● WHAT TO WORK ON: Give, as a bare number, the count of lines below that contain "assumes".
*** DATA SECTION ***
lemma specialize_place_variable: "specialize_place a \<zeta> (Fract [:0, 1:] 1) = \<zeta> a"
  by (simp only: specialize_place_def eval_at_variable if_True)

lemma is_R_place_specialize_place:
  fixes a :: "'k::field"
  assumes place: "is_R_place \<zeta>"
  shows "is_R_place (specialize_place a \<zeta>)"
proof -
  define V where "V = {f \<in> regular_at a. \<zeta> (eval_at a f) \<noteq> None}"
  define h where "h f = the (\<zeta> (eval_at a f))" for f
  have V_h: "specialize_place a \<zeta> = (\<lambda>f. if f \<in> V then Some (h f) else None)"
    by (auto simp: specialize_place_def V_def h_def fun_eq_iff)
  have h: "\<zeta> (eval_at a f) = Some (h f)" if "f \<in> V" for f
    using that unfolding V_def h_def by auto
  have "is_R_place (\<lambda>f. if f \<in> V then Some (h f) else None)"
  proof (rule is_R_place_of_valuation_ring)
    have "eval_at a 1 = 1" "1 \<in> regular_at a"
      using eval_at_Fract[of 1 a 1] Fract_regular_at[of 1 a 1] by (simp_all add: One_fract_def)
    then show "1 \<in> V" "h 1 = 1" using R_place_one[OF place] by (simp_all add: V_def h_def)
  next
    fix f g assume "f \<in> V" "g \<in> V"
    then show "f + g \<in> V \<and> f * g \<in> V \<and> h (f + g) = h f + h g \<and> h (f * g) = h f * h g"
      using regular_at_add[of f a g] regular_at_mult[of f a g]
        R_place_add[OF place h h] R_place_mult[OF place h h]
      by (simp add: V_def h_def)
  next
    fix f assume "f \<in> V"
    then show "- f \<in> V"
      using regular_at_uminus[of f a] R_place_uminus[OF place h] by (simp add: V_def)
  next
    fix f assume f: "f \<notin> V"
    show "inverse f \<in> V \<and> h (inverse f) = 0"
    proof (cases "f \<in> regular_at a")
      case False
      then show ?thesis
        using inverse_regular_at_pole[OF False] R_place_zero[OF place] by (simp add: V_def h_def)
    next
      case True
      then have infinite: "\<zeta> (eval_at a f) = None" using f by (simp add: V_def)
      then have "eval_at a f \<noteq> 0" using R_place_zero[OF place] by auto
      then show ?thesis
        using inverse_regular_at[OF True] R_place_inverse_infinite[OF place infinite]
        by (simp add: V_def h_def)
    qed
  next
    fix f assume f: "f \<in> V" "h f \<noteq> 0"
    then have "eval_at a f \<noteq> 0" using h R_place_zero[OF place] by force
    then show "inverse f \<in> V"
      using inverse_regular_at[of f a] R_place_inverse_finite[OF place h[OF f(1)] f(2)] f(1)
      by (simp add: V_def)
  qed
  then show ?thesis using V_h by simp
qed

lemma specialize_place_eqD:
  assumes "specialize_place a \<zeta> = specialize_place b \<zeta>'"
  shows "\<zeta> = \<zeta>'" "\<zeta> a = \<zeta> b"
proof -
  show "\<zeta> = \<zeta>'"
    using assms specialize_place_const by (metis ext)
  then show "\<zeta> a = \<zeta> b"
    using assms specialize_place_variable by metis
qed

section \<open>The topology on the space of R-places\<close>

lemma in_H'_one: "\<zeta> \<in> M \<Longrightarrow> \<zeta> \<in> H' 1"
  using R_place_one[of \<zeta>] by (simp add: M_def H'_def)

lemma topspace_M_top: "topspace (M_top :: ('a::field \<Rightarrow> real option) topology) = M"
proof -
  have "\<Union> (range (H' :: 'a \<Rightarrow> _)) = M"
    using in_H'_one by (auto simp: H'_def)
  then show ?thesis unfolding M_top_def by simp
qed

lemma openin_M_top_H': "openin M_top (H' (b :: 'a::field))"
proof -
  have "H' b = H' b \<inter> M" by (auto simp: H'_def)
  moreover have "openin (topology_generated_by (range H')) (H' b)"
    by (rule topology_generated_by_Basis) simp
  ultimately show ?thesis unfolding M_top_def openin_subtopology by blast
qed

lemma continuous_map_M_topI:
  fixes f :: "('a::field \<Rightarrow> real option) \<Rightarrow> ('b::field \<Rightarrow> real option)"
  assumes maps: "f ` M \<subseteq> M"
    and preimage: "\<And>b. openin M_top {\<zeta> \<in> M. f \<zeta> \<in> H' b}"
  shows "continuous_map M_top M_top f"
proof -
  have "continuous_map M_top (topology_generated_by (range H')) f"
  proof (rule continuous_on_generated_topo)
    fix U assume "U \<in> range (H' :: 'b \<Rightarrow> _)"
    then obtain b where "U = H' b" by blast
    then have "f -` U \<inter> topspace M_top = {\<zeta> \<in> M. f \<zeta> \<in> H' b}"
      by (auto simp: topspace_M_top)
    then show "openin M_top (f -` U \<inter> topspace M_top)" using preimage by simp
  next
    show "f ` topspace M_top \<subseteq> \<Union> (range H')"
      using maps in_H'_one by (auto simp: topspace_M_top)
  qed
  then show ?thesis
    unfolding M_top_def[where 'a='b] using maps
    by (intro continuous_map_into_subtopology) (auto simp: topspace_M_top)
qed

lemma specialize_place_M: "\<zeta> \<in> M \<Longrightarrow> specialize_place a \<zeta> \<in> M"
  using is_R_place_specialize_place by (auto simp: M_def)

lemma continuous_map_specialize_place:
  "continuous_map M_top M_top (specialize_place (a :: 'k::field))"
proof (rule continuous_map_M_topI)
  show "specialize_place a ` M \<subseteq> M" using specialize_place_M by blast
next
  fix b
  have "{\<zeta> \<in> M. specialize_place a \<zeta> \<in> H' b} = (if b \<in> regular_at a then H' (eval_at a b) else {})"
    using specialize_place_M by (auto simp: H'_def specialize_place_def)
  then show "openin M_top {\<zeta> \<in> M. specialize_place a \<zeta> \<in> H' b}"
    by (simp add: openin_M_top_H')
qed

section \<open>Real constants of R(x)\<close>

definition real_const :: "real \<Rightarrow> Rx" where
  "real_const t = Fract [:t:] 1"

lemma real_const_add: "real_const t + real_const u = real_const (t + u)"
  by (simp add: real_const_def)

lemma real_const_mult: "real_const t * real_const u = real_const (t * u)"
  by (simp add: real_const_def mult.commute)

lemma real_const_of_nat: "real_const (real n) = of_nat n"
  by (simp add: real_const_def of_nat_fract of_nat_poly)

text \<open>If \<zeta>(t) were infinite, choose n \<ge> t * t and w = sqrt(n - t * t); then
  1 + (w/t) * (w/t) = n * (1/t) * (1/t) would be sent to 0.\<close>

lemma R_place_real_const_finite:
  assumes place: "is_R_place (\<zeta> :: Rx \<Rightarrow> real option)"
  shows "\<zeta> (real_const t) \<noteq> None"
proof
  assume infinite: "\<zeta> (real_const t) = None"
  obtain n :: nat where n: "t * t \<le> real n" using real_arch_simple by blast
  define w where "w = sqrt (real n - t * t)"
  have w: "w * w = real n - t * t" using n unfolding w_def by simp
  define v where "v = real_const t"
  define z where "z = real_const w * inverse v"
  have "v \<noteq> 0" using infinite R_place_zero[OF place] v_def by auto
  then have "1 + z * z = (v * v + real_const w * real_const w) * (inverse v * inverse v)"
    unfolding z_def by (simp add: field_simps)
  also have "\<dots> = of_nat n * (inverse v * inverse v)"
    unfolding v_def real_const_mult real_const_add w real_const_of_nat[symmetric] by simp
  finally have "\<zeta> (1 + z * z) = Some (real n * (0 * 0))"
    using R_place_mult[OF place] R_place_of_nat[OF place]
      R_place_inverse_infinite[OF place infinite] v_def
    by metis
  then show False using R_place_one_plus_square[OF place] by simp
qed

lemma R_place_real_const_inj:
  assumes place: "is_R_place (\<zeta> :: Rx \<Rightarrow> real option)"
    and eq: "\<zeta> (real_const r) = \<zeta> (real_const s)"
  shows "r = s"
proof (rule ccontr)
  assume "r \<noteq> s"
  obtain e where e: "\<zeta> (real_const s) = Some e"
    using R_place_real_const_finite[OF place] by blast
  have "\<zeta> (real_const r + - real_const s) = Some (e + - e)"
    using R_place_add[OF place] R_place_uminus[OF place e] eq e by metis
  then have diff: "\<zeta> (real_const (r - s)) = Some 0"
    by (simp add: real_const_add real_const_def)
  obtain d where d: "\<zeta> (real_const (1 / (r - s))) = Some d"
    using R_place_real_const_finite[OF place] by blast
  have "real_const (r - s) * real_const (1 / (r - s)) = 1"
    using \<open>r \<noteq> s\<close> by (simp add: real_const_mult real_const_def One_fract_def one_pCons)
  then show False
    using R_place_mult[OF place diff d] R_place_one[OF place] by simp
qed

theorem corollary9p3:
  "\<exists>\<iota> :: real \<Rightarrow> (Rx \<Rightarrow> real option) \<Rightarrow> (Rxy \<Rightarrow> real option).
     (\<forall>r. continuous_map M_top M_top (\<iota> r) \<and> inj_on (\<iota> r) M \<and>
          (\<forall>\<zeta>\<in>M. \<iota> r \<zeta> \<circ> incl_xy = \<zeta>)) \<and>
     (\<forall>r s. r \<noteq> s \<longrightarrow> \<iota> r ` M \<inter> \<iota> s ` M = {})"
proof (intro exI[of _ "\<lambda>r. specialize_place (real_const r)"] conjI allI impI)
  have restrict: "specialize_place a \<zeta> \<circ> incl_xy = \<zeta>" for a \<zeta>
    by (simp add: fun_eq_iff incl_xy_def specialize_place_const)
  fix r
  show "continuous_map M_top M_top (specialize_place (real_const r))"
    by (rule continuous_map_specialize_place)
  show "\<forall>\<zeta>\<in>M. specialize_place (real_const r) \<zeta> \<circ> incl_xy = \<zeta>"
    using restrict by blast
  show "inj_on (specialize_place (real_const r)) M"
    by (metis inj_onI restrict)
  fix s :: real assume "r \<noteq> s"
  have "\<zeta> (real_const r) \<noteq> \<zeta> (real_const s)" if "\<zeta> \<in> M" for \<zeta>
    using R_place_real_const_inj \<open>r \<noteq> s\<close> that by (auto simp: M_def)
  then show "specialize_place (real_const r) ` M \<inter> specialize_place (real_const s) ` M = {}"
    using specialize_place_eqD by blast
qed

end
*** End of DATA SECTION ***
● THE COMPLETED TASK: 5